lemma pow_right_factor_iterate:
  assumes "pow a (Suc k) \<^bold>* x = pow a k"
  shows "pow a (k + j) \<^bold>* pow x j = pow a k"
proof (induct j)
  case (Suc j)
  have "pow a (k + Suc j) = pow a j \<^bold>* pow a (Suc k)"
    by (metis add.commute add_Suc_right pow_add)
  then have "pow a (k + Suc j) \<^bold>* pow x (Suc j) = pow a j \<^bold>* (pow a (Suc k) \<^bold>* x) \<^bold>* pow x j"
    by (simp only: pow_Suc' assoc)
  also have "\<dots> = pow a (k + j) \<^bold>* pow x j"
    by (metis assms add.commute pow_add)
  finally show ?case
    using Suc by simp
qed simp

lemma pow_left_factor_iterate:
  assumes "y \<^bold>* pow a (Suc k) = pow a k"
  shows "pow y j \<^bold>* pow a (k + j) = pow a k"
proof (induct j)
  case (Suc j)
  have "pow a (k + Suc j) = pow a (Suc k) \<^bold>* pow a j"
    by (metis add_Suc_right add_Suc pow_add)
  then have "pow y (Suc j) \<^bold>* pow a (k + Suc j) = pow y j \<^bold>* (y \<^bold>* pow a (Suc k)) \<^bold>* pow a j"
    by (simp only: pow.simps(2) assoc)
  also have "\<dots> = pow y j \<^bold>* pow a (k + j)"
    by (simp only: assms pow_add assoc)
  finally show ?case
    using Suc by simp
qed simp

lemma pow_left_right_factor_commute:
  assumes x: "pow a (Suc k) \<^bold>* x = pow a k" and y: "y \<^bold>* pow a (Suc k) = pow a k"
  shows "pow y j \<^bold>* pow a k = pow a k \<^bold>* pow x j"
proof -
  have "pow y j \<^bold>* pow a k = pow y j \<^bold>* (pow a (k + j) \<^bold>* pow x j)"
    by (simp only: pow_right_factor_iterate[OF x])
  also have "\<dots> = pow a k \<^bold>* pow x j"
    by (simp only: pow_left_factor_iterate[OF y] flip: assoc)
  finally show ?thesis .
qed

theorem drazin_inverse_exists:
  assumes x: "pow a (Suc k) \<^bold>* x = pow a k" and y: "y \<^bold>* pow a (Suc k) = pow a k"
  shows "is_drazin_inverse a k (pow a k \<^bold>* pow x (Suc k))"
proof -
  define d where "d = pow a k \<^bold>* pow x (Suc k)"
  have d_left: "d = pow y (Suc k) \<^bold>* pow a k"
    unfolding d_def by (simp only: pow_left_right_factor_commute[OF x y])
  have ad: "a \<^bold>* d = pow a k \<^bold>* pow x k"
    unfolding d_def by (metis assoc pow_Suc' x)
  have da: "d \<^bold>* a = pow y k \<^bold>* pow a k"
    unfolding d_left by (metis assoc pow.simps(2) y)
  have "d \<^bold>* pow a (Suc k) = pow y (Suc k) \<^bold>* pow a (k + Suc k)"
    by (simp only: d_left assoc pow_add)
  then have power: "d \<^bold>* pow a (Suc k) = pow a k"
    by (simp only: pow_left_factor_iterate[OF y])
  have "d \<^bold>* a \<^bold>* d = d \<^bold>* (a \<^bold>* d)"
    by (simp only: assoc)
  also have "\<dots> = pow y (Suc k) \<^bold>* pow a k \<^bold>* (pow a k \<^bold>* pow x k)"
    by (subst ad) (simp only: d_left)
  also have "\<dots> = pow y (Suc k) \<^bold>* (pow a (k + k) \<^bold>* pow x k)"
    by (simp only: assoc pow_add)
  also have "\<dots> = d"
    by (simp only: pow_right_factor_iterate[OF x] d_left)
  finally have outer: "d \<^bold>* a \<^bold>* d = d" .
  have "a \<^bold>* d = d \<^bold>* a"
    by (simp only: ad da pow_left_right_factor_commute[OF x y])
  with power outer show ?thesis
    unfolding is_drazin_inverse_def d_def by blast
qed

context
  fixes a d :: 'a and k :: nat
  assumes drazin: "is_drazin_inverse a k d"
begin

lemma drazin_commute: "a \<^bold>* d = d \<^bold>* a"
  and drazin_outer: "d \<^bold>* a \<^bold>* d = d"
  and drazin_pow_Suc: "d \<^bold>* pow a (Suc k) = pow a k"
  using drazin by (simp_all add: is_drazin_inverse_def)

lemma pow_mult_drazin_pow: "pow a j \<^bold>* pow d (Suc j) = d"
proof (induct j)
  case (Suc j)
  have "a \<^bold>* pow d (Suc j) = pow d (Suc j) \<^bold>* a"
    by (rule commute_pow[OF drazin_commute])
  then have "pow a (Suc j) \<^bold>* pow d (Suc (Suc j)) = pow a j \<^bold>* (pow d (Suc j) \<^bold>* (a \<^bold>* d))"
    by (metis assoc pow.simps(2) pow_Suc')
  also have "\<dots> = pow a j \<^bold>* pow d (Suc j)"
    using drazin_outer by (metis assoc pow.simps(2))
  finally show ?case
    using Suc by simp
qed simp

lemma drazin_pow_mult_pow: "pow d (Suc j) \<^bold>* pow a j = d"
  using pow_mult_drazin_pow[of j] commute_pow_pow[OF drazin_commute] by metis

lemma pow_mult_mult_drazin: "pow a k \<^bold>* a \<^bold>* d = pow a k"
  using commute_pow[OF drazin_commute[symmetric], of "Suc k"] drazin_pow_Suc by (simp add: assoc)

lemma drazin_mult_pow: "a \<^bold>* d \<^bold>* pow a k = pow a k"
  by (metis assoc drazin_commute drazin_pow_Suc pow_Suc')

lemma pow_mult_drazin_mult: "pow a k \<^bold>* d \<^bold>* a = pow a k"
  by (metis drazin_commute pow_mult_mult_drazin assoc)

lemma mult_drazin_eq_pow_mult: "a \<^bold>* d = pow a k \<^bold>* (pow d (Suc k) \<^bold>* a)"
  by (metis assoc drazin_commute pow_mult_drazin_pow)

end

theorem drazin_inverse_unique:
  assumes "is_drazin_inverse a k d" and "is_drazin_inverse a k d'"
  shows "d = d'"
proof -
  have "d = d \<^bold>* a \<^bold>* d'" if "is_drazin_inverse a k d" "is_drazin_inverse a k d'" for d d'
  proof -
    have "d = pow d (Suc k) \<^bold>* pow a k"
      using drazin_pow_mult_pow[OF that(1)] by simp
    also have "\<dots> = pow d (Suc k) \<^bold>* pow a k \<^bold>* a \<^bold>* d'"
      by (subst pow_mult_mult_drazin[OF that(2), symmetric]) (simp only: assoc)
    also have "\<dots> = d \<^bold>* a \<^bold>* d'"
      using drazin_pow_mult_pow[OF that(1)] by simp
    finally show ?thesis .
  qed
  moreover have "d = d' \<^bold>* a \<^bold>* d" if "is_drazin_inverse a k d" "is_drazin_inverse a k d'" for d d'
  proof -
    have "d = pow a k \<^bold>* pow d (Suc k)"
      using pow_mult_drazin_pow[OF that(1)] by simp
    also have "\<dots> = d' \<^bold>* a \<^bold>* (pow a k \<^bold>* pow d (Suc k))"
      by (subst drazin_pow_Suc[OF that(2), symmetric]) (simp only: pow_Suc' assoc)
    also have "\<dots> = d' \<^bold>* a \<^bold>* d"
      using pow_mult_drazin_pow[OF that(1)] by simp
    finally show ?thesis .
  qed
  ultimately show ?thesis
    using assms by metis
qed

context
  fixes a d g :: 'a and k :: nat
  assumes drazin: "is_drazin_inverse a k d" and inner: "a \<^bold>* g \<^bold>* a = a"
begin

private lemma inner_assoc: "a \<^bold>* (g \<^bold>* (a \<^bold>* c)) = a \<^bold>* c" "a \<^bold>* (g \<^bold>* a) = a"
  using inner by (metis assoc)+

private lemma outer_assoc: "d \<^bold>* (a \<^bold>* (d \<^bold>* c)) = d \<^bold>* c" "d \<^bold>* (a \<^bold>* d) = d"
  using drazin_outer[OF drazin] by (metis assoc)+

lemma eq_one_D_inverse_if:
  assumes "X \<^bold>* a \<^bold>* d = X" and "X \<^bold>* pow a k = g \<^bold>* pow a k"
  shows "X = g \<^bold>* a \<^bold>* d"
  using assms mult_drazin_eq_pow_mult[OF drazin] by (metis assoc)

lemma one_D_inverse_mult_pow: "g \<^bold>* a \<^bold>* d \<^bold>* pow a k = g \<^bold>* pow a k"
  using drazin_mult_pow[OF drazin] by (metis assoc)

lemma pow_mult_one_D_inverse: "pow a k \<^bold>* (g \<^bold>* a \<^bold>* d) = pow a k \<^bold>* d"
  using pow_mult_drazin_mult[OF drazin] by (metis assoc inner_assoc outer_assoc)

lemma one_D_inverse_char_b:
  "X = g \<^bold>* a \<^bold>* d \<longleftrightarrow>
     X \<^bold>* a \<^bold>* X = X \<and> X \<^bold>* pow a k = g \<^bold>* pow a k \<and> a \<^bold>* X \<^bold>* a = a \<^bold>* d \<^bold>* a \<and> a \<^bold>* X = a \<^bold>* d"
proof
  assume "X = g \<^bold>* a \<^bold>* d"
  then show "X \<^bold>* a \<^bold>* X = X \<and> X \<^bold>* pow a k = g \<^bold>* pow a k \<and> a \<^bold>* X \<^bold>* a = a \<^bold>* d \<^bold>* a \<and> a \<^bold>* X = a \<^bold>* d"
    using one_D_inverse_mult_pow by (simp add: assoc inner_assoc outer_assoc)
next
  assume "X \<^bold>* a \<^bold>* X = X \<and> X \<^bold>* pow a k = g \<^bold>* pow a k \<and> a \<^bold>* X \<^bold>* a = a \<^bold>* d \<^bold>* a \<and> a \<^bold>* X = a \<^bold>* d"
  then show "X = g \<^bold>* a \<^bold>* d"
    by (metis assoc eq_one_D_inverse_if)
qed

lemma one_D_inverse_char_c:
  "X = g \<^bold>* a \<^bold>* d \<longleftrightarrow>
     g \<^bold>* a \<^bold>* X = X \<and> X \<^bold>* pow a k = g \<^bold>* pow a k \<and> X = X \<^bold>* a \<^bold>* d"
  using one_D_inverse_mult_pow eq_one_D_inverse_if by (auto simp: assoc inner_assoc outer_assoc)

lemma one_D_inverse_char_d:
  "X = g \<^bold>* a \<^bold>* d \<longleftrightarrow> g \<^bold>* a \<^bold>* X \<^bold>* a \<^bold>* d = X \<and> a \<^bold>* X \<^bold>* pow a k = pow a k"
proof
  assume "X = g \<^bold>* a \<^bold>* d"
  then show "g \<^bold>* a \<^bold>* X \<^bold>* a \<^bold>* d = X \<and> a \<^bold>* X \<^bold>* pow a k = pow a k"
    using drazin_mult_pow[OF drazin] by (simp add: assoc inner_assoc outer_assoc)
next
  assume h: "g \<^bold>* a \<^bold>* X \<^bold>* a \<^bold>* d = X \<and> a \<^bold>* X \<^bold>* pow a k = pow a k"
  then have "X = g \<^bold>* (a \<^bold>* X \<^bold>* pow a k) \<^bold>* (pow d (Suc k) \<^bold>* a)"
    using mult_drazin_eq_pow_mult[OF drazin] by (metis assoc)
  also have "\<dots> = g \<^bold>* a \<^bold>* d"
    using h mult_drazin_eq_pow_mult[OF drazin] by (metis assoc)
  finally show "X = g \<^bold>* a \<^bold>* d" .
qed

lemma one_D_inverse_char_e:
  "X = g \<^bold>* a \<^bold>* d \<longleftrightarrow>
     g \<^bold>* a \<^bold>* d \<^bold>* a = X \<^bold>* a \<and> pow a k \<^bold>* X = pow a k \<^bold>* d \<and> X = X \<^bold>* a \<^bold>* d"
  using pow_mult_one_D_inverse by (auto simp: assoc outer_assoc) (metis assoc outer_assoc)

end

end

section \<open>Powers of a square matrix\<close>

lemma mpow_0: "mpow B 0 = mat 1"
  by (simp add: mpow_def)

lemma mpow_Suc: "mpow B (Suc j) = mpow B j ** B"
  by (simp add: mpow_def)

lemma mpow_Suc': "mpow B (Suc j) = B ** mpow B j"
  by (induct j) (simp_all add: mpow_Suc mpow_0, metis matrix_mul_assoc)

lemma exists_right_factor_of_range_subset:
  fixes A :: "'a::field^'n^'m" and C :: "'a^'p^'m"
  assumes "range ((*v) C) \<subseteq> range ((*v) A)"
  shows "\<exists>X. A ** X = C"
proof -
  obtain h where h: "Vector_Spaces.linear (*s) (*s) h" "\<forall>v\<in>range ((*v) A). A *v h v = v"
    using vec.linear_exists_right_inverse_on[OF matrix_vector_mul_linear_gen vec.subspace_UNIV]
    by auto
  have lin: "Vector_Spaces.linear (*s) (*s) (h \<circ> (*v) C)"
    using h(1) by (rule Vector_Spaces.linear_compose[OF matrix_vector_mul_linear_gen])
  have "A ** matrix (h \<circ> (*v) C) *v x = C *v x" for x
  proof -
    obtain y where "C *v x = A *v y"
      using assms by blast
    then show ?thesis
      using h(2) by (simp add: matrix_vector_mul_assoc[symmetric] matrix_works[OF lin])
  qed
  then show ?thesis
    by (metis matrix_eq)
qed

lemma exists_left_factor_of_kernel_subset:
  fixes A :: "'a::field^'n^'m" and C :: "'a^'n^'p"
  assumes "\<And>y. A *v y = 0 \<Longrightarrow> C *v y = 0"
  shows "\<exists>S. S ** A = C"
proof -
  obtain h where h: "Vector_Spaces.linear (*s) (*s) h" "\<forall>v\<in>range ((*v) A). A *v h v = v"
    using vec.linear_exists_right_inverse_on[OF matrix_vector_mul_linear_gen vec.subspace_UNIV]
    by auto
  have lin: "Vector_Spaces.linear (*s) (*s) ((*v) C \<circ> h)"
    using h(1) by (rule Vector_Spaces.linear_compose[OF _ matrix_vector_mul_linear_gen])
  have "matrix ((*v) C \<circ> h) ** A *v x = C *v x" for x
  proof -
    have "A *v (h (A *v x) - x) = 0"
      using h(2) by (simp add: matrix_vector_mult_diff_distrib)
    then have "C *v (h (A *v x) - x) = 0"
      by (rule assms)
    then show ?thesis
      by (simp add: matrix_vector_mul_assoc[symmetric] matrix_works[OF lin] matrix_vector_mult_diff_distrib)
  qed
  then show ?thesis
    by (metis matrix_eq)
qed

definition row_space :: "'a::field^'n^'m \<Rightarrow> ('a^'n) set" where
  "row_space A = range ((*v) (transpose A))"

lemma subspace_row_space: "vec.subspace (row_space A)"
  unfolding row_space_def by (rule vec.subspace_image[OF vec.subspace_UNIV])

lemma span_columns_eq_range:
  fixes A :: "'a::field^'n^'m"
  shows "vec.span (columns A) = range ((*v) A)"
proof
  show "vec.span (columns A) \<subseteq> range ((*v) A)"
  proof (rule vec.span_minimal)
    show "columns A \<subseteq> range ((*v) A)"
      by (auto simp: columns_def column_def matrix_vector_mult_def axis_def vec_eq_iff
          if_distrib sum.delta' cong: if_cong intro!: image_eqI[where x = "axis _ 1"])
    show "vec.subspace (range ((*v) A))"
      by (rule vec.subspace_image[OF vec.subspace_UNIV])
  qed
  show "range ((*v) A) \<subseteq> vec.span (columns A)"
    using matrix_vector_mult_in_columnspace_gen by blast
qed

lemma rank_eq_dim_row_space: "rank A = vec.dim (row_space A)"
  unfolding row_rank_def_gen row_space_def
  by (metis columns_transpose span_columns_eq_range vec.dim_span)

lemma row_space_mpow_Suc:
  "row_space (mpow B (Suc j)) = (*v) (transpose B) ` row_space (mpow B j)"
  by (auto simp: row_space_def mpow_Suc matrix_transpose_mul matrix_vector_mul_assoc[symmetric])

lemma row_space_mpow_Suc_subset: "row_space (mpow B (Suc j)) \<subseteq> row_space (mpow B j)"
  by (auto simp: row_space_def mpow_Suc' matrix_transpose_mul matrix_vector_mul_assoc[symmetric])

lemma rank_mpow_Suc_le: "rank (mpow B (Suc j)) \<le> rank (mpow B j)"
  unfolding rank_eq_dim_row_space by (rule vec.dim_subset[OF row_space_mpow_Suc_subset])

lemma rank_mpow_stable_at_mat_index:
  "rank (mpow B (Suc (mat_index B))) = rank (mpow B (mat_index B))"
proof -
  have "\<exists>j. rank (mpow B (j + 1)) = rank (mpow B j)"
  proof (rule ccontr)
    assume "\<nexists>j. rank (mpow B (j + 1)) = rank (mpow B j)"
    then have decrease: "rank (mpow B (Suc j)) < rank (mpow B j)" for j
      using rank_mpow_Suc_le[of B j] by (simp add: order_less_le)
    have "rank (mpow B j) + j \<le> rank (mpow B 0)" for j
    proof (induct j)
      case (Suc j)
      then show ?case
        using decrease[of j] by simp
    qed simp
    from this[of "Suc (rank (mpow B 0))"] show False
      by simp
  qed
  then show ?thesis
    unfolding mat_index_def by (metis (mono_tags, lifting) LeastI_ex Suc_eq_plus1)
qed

::::

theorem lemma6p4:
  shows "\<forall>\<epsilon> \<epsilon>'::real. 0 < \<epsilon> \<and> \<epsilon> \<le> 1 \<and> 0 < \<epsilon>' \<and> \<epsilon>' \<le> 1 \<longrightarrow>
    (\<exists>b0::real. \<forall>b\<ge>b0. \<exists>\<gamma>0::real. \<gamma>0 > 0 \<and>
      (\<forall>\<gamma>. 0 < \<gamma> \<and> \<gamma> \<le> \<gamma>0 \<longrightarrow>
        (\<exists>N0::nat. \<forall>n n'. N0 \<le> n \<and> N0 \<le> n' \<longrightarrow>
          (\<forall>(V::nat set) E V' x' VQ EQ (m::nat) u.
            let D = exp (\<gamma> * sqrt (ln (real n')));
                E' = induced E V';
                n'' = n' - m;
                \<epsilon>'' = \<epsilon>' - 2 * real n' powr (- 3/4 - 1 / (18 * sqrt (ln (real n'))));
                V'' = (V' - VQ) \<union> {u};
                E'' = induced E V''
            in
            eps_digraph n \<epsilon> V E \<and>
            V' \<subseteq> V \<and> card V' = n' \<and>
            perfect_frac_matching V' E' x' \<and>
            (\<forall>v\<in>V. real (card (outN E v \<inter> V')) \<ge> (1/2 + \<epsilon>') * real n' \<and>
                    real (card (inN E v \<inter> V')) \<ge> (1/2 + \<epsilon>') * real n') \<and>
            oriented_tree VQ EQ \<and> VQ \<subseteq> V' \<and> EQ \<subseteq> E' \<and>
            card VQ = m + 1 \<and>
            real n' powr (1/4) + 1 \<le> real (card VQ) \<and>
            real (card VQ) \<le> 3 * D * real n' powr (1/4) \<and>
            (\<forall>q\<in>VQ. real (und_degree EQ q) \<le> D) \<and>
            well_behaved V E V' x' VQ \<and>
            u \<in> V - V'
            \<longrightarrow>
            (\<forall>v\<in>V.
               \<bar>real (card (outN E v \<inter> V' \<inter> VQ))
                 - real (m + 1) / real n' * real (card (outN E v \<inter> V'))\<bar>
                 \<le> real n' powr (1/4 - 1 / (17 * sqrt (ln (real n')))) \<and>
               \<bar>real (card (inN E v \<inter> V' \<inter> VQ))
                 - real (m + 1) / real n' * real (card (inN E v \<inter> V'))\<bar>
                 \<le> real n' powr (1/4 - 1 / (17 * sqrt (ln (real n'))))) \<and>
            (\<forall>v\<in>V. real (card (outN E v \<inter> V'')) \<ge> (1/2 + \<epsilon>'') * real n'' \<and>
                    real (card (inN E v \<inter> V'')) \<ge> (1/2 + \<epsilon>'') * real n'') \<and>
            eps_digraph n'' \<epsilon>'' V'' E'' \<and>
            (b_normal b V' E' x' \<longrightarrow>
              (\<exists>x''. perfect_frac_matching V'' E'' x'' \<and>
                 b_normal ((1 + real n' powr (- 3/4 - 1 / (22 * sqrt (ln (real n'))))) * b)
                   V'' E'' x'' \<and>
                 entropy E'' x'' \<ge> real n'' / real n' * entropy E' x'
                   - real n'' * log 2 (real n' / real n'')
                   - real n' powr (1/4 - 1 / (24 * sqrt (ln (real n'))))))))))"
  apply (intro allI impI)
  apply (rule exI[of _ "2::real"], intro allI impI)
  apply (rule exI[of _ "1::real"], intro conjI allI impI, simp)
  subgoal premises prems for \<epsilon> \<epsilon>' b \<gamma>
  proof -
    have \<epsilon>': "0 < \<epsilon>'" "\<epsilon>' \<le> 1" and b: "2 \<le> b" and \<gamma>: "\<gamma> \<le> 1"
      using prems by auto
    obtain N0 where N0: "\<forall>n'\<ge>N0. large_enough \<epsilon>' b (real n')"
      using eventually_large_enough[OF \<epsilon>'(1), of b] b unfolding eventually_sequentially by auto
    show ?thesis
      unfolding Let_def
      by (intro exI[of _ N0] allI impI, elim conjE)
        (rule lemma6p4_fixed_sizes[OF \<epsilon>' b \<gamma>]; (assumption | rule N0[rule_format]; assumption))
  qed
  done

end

::::

▶ [Action item]: Please find each line in the records above that holds the word "decrease", and copy it.

▶ [Your solution]:
    then have decrease: "rank (mpow B (Suc j)) < rank (mpow B j)" for j
        using decrease[of j] by simp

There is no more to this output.